WHAT TO DO. If a line in the records contains the word "rcsts", count it; state the resulting number and nothing more.

[DATA EXTRACTS Boundary: Start]

lemma leq_trans: "\<lbrakk>i \<in> idx S; j \<in> idx S; k \<in> idx S; leq S i j; leq S j k\<rbrakk> \<Longrightarrow> leq S i k"
  using directed_idx unfolding directed_def by blast

lemma leq_upper_bound: "\<lbrakk>i \<in> idx S; j \<in> idx S\<rbrakk> \<Longrightarrow> \<exists>k\<in>idx S. leq S i k \<and> leq S j k"
  using directed_idx unfolding directed_def by blast

lemma finite_upper_bound: "\<lbrakk>finite K; K \<subseteq> idx S\<rbrakk> \<Longrightarrow> \<exists>m\<in>idx S. \<forall>k\<in>K. leq S k m"
proof (induction K rule: finite_induct)
  case empty
  then show ?case using idx_nonempty by blast
next
  case (insert k K)
  then obtain m where m: "m \<in> idx S" "\<forall>k'\<in>K. leq S k' m" by auto
  obtain n where "n \<in> idx S" "leq S k n" "leq S m n"
    using leq_upper_bound[OF _ m(1)] insert.prems by auto
  then show ?case using m insert.prems leq_trans by blast
qed

lemma gam_in_vars: "\<lbrakk>i \<in> idx S; j \<in> idx S; leq S i j; x \<in> vars S i\<rbrakk> \<Longrightarrow> gam S i j x \<in> vars S j"
  using direct unfolding direct_system_def by (elim conjE) (simp add: image_subset_iff)

lemma gam_id: "\<lbrakk>i \<in> idx S; x \<in> vars S i\<rbrakk> \<Longrightarrow> gam S i i x = x"
  using direct unfolding direct_system_def by (elim conjE) simp

lemma gam_comp:
  "\<lbrakk>i \<in> idx S; j \<in> idx S; k \<in> idx S; leq S i j; leq S j k; x \<in> vars S i\<rbrakk>
    \<Longrightarrow> gam S j k (gam S i j x) = gam S i k x"
  using direct unfolding direct_system_def by (elim conjE) simp

lemma gam_eq_lift:
  assumes "i \<in> idx S" "j \<in> idx S" "k \<in> idx S" "m \<in> idx S" "leq S i k" "leq S j k" "leq S k m"
    and "a \<in> vars S i" "b \<in> vars S j" "gam S i k a = gam S j k b"
  shows "gam S i m a = gam S j m b"
  using gam_comp[of i k m a] gam_comp[of j k m b] assms by simp

lemma fml_rename: "\<lbrakk>i \<in> idx S; j \<in> idx S; leq S i j; l \<in> fml S i\<rbrakk> \<Longrightarrow> rename_lit (gam S i j) l \<in> fml S j"
  using direct unfolding direct_system_def by (elim conjE) (simp add: image_subset_iff)

lemma fml_rename_op:
  "\<lbrakk>i \<in> idx S; j \<in> idx S; leq S i j; (True, AOp F xs y) \<in> fml S i\<rbrakk>
    \<Longrightarrow> (True, AOp F (map (gam S i j) xs) (gam S i j y)) \<in> fml S j"
  using fml_rename[of i j "(True, AOp F xs y)"] by (simp add: rename_lit_def)

lemma fml_rename_cst:
  "\<lbrakk>i \<in> idx S; j \<in> idx S; leq S i j; (True, ACst x c) \<in> fml S i\<rbrakk>
    \<Longrightarrow> (True, ACst (gam S i j x) c) \<in> fml S j"
  using fml_rename[of i j "(True, ACst x c)"] by (simp add: rename_lit_def)

lemma cst_conjunct_exists: "c \<in> csts L \<Longrightarrow> \<exists>i\<in>idx S. \<exists>x. (True, ACst x c) \<in> fml S i"
  using direct unfolding direct_system_def by (elim conjE) simp

lemma op_conjunct_exists:
  "\<lbrakk>F \<in> ops L; i \<in> idx S; set xs \<subseteq> vars S i; length xs = arity L F\<rbrakk>
    \<Longrightarrow> \<exists>j\<in>idx S. leq S i j \<and> (\<exists>y. (True, AOp F (map (gam S i j) xs) y) \<in> fml S j)"
  using direct unfolding direct_system_def by (elim conjE) simp

lemma fml_diagram: "i \<in> idx S \<Longrightarrow> diagram_fml L (rops S i) (rcsts S i) (vars S i) (fml S i)"
  using direct unfolding direct_system_def by (elim conjE) simp

lemma fml_atom_over:
  assumes "i \<in> idx S" "l \<in> fml S i"
  shows "atom_over L (rops S i) (rcsts S i) (vars S i) (snd l)"
  using fml_diagram[OF assms(1)] assms(2) unfolding diagram_fml_def by (elim conjE) simp

lemma fml_neq:
  assumes "i \<in> idx S" "x \<in> vars S i" "y \<in> vars S i" "x \<noteq> y"
  shows "(False, AEq x y) \<in> fml S i"
  using fml_diagram[OF assms(1)] assms(2-) unfolding diagram_fml_def by (elim conjE) simp

lemma op_conjunct_vars: "\<lbrakk>i \<in> idx S; (b, AOp F xs y) \<in> fml S i\<rbrakk> \<Longrightarrow> set xs \<subseteq> vars S i \<and> y \<in> vars S i"
  using fml_atom_over[of i "(b, AOp F xs y)"] by simp

lemma cst_conjunct_vars: "\<lbrakk>i \<in> idx S; (b, ACst x c) \<in> fml S i\<rbrakk> \<Longrightarrow> x \<in> vars S i"
  using fml_atom_over[of i "(b, ACst x c)"] by simp

subsection \<open>Realizations in \<open>B\<close>\<close>

lemma obtain_realizer:
  assumes "i \<in> idx S"
  obtains h where "fml_true B (vars S i) h (fml S i)"
  using realized assms unfolding realizable_def by blast

lemma realizer_inj_on:
  assumes i: "i \<in> idx S" and h: "fml_true B (vars S i) h (fml S i)"
  shows "inj_on h (vars S i)"
proof (rule inj_onI, rule ccontr)
  fix x y assume "x \<in> vars S i" "y \<in> vars S i" "h x = h y" "x \<noteq> y"
  then show False
    using fml_true_neq[OF h fml_neq[OF i]] by blast
qed

lemma op_conjunct_unique:
  assumes i: "i \<in> idx S" and "(True, AOp F xs y) \<in> fml S i" "(True, AOp F xs y') \<in> fml S i"
  shows "y = y'"
proof -
  obtain h where h: "fml_true B (vars S i) h (fml S i)" using obtain_realizer i .
  have "h y = h y'" using fml_true_op[OF h assms(2)] fml_true_op[OF h assms(3)] by simp
  then show ?thesis
    using realizer_inj_on[OF i h] op_conjunct_vars[OF i] assms(2,3) by (meson inj_onD)
qed

lemma cst_conjunct_unique:
  assumes i: "i \<in> idx S" and "(True, ACst x c) \<in> fml S i" "(True, ACst x' c) \<in> fml S i"
  shows "x = x'"
proof -
  obtain h where h: "fml_true B (vars S i) h (fml S i)" using obtain_realizer i .
  have "h x = h x'" using fml_true_cst[OF h assms(2)] fml_true_cst[OF h assms(3)] by simp
  then show ?thesis
    using realizer_inj_on[OF i h] cst_conjunct_vars[OF i] assms(2,3) by (meson inj_onD)
qed

lemma gam_inj_on:
  assumes k: "k \<in> idx S" and m: "m \<in> idx S" "leq S k m"
  shows "inj_on (gam S k m) (vars S k)"
proof (rule inj_onI, rule ccontr)
  fix x y assume xy: "x \<in> vars S k" "y \<in> vars S k" "gam S k m x = gam S k m y" "x \<noteq> y"
  obtain h where h: "fml_true B (vars S m) h (fml S m)" using obtain_realizer m(1) .
  have "(False, AEq (gam S k m x) (gam S k m y)) \<in> fml S m"
    using fml_rename[OF k m fml_neq[OF k xy(1,2,4)]] by (simp add: rename_lit_def)
  then show False using fml_true_neq[OF h] xy(3) by metis
qed

lemma lim_equiv_refl: "\<lbrakk>i \<in> idx S; x \<in> vars S i\<rbrakk> \<Longrightarrow> lim_equiv S (x, i) (x, i)"
  unfolding lim_equiv_def lim_pairs_def using leq_refl by auto

lemma lim_equiv_sym: "lim_equiv S p q \<Longrightarrow> lim_equiv S q p"
  unfolding lim_equiv_def by auto

lemma lim_equiv_trans:
  assumes pq: "lim_equiv S p q" and qr: "lim_equiv S q r"
  shows "lim_equiv S p r"
proof -
  obtain x i y j z l where pqr: "p = (x, i)" "q = (y, j)" "r = (z, l)" by (cases p, cases q, cases r)
  have mem: "i \<in> idx S" "x \<in> vars S i" "j \<in> idx S" "y \<in> vars S j" "l \<in> idx S" "z \<in> vars S l"
    using pq qr unfolding pqr lim_equiv_def lim_pairs_def by auto
  obtain k1 where k1: "k1 \<in> idx S" "leq S i k1" "leq S j k1" "gam S i k1 x = gam S j k1 y"
    using pq unfolding pqr lim_equiv_def by auto
  obtain k2 where k2: "k2 \<in> idx S" "leq S j k2" "leq S l k2" "gam S j k2 y = gam S l k2 z"
    using qr unfolding pqr lim_equiv_def by auto
  obtain k where k: "k \<in> idx S" "leq S k1 k" "leq S k2 k" using leq_upper_bound[OF k1(1) k2(1)] by blast
  have "gam S i k x = gam S j k y" using gam_eq_lift[of i j k1 k x y] mem k1 k by blast
  also have "\<dots> = gam S l k z" using gam_eq_lift[of j l k2 k y z] mem k2 k by blast
  finally have "gam S i k x = gam S l k z" .
  moreover have "leq S i k" "leq S l k" using leq_trans mem k1 k2 k by blast+
  ultimately show ?thesis using mem k(1) unfolding pqr lim_equiv_def lim_pairs_def by auto
qed

lemma lim_equiv_gam: "\<lbrakk>i \<in> idx S; j \<in> idx S; leq S i j; x \<in> vars S i\<rbrakk> \<Longrightarrow> lim_equiv S (x, i) (gam S i j x, j)"
  unfolding lim_equiv_def lim_pairs_def using gam_in_vars gam_id leq_refl by auto

lemma lim_class_eq_iff:
  assumes "p \<in> lim_pairs S"
  shows "lim_class S p = lim_class S q \<longleftrightarrow> lim_equiv S p q"
proof
  assume "lim_class S p = lim_class S q"
  moreover have "p \<in> lim_class S p"
    using assms lim_equiv_refl unfolding lim_class_def lim_pairs_def by auto
  ultimately show "lim_equiv S p q" using lim_equiv_sym unfolding lim_class_def by auto
next
  assume "lim_equiv S p q"
  then show "lim_class S p = lim_class S q"
    unfolding lim_class_def using lim_equiv_sym lim_equiv_trans by blast
qed

lemma lim_class_gam:
  "\<lbrakk>i \<in> idx S; j \<in> idx S; leq S i j; x \<in> vars S i\<rbrakk> \<Longrightarrow> lim_class S (gam S i j x, j) = lim_class S (x, i)"
  using lim_class_eq_iff[of "(x, i)" "(gam S i j x, j)"] lim_equiv_gam unfolding lim_pairs_def by simp

lemma lim_equiv_lists_common_stage:
  "\<lbrakk>list_all2 (\<lambda>a b. lim_equiv S (a, i) (b, j)) xs ys; i \<in> idx S; j \<in> idx S\<rbrakk>
    \<Longrightarrow> \<exists>m\<in>idx S. leq S i m \<and> leq S j m \<and> map (gam S i m) xs = map (gam S j m) ys"
proof (induction rule: list_all2_induct)
  case Nil
  then show ?case using leq_upper_bound by auto
next
  case (Cons a xs b ys)
  obtain k where k: "k \<in> idx S" "leq S i k" "leq S j k" "gam S i k a = gam S j k b"
    using Cons(1) unfolding lim_equiv_def by auto
  have ab: "a \<in> vars S i" "b \<in> vars S j" using Cons(1) unfolding lim_equiv_def lim_pairs_def by auto
  have vs: "set xs \<subseteq> vars S i" "set ys \<subseteq> vars S j"
    using Cons(2) by (induction rule: list_all2_induct) (auto simp: lim_equiv_def lim_pairs_def)
  obtain m0 where m0: "m0 \<in> idx S" "leq S i m0" "leq S j m0" "map (gam S i m0) xs = map (gam S j m0) ys"
    using Cons by auto
  obtain m where m: "m \<in> idx S" "leq S k m" "leq S m0 m" using leq_upper_bound[OF k(1) m0(1)] by blast
  have "map (gam S i m) xs = map (gam S m0 m) (map (gam S i m0) xs)"
    using vs(1) gam_comp[OF Cons.prems(1) m0(1) m(1) m0(2) m(3)] by auto
  also have "\<dots> = map (gam S j m) ys"
    unfolding m0(4) using vs(2) gam_comp[OF Cons.prems(2) m0(1) m(1) m0(3) m(3)] by auto
  finally have "map (gam S i m) xs = map (gam S j m) ys" .
  moreover have "gam S i m a = gam S j m b" using gam_eq_lift[of i j k m a b] Cons.prems k m ab by blast
  moreover have "leq S i m" "leq S j m" using leq_trans Cons.prems k m by blast+
  ultimately show ?case using m(1) by auto
qed

subsection \<open>Constants and operations of the limit algebra\<close>

lemma limit_cn_class:
  assumes i: "i \<in> idx S" and cst: "(True, ACst x c) \<in> fml S i"
  shows "cn (limit_alg S) c = lim_class S (x, i)"
  unfolding limit_alg_def
proof (simp, rule some_equality)
  show "\<exists>j\<in>idx S. \<exists>x'. (True, ACst x' c) \<in> fml S j \<and> lim_class S (x, i) = lim_class S (x', j)"
    using i cst by blast
next
  fix C assume "\<exists>j\<in>idx S. \<exists>x'. (True, ACst x' c) \<in> fml S j \<and> C = lim_class S (x', j)"
  then obtain j x' where j: "j \<in> idx S" "(True, ACst x' c) \<in> fml S j" "C = lim_class S (x', j)"
    by blast
  obtain k where k: "k \<in> idx S" "leq S i k" "leq S j k" using leq_upper_bound[OF i j(1)] by blast
  have "gam S i k x = gam S j k x'"
    using cst_conjunct_unique[OF k(1) fml_rename_cst[OF i k(1,2) cst] fml_rename_cst[OF j(1) k(1,3) j(2)]] .
  then show "C = lim_class S (x, i)"
    using lim_class_gam[OF i k(1,2)] lim_class_gam[OF j(1) k(1,3)] cst_conjunct_vars i cst j by metis
qed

[DATA EXTRACTS Boundary: End]

REPLY TO THE TASK. 2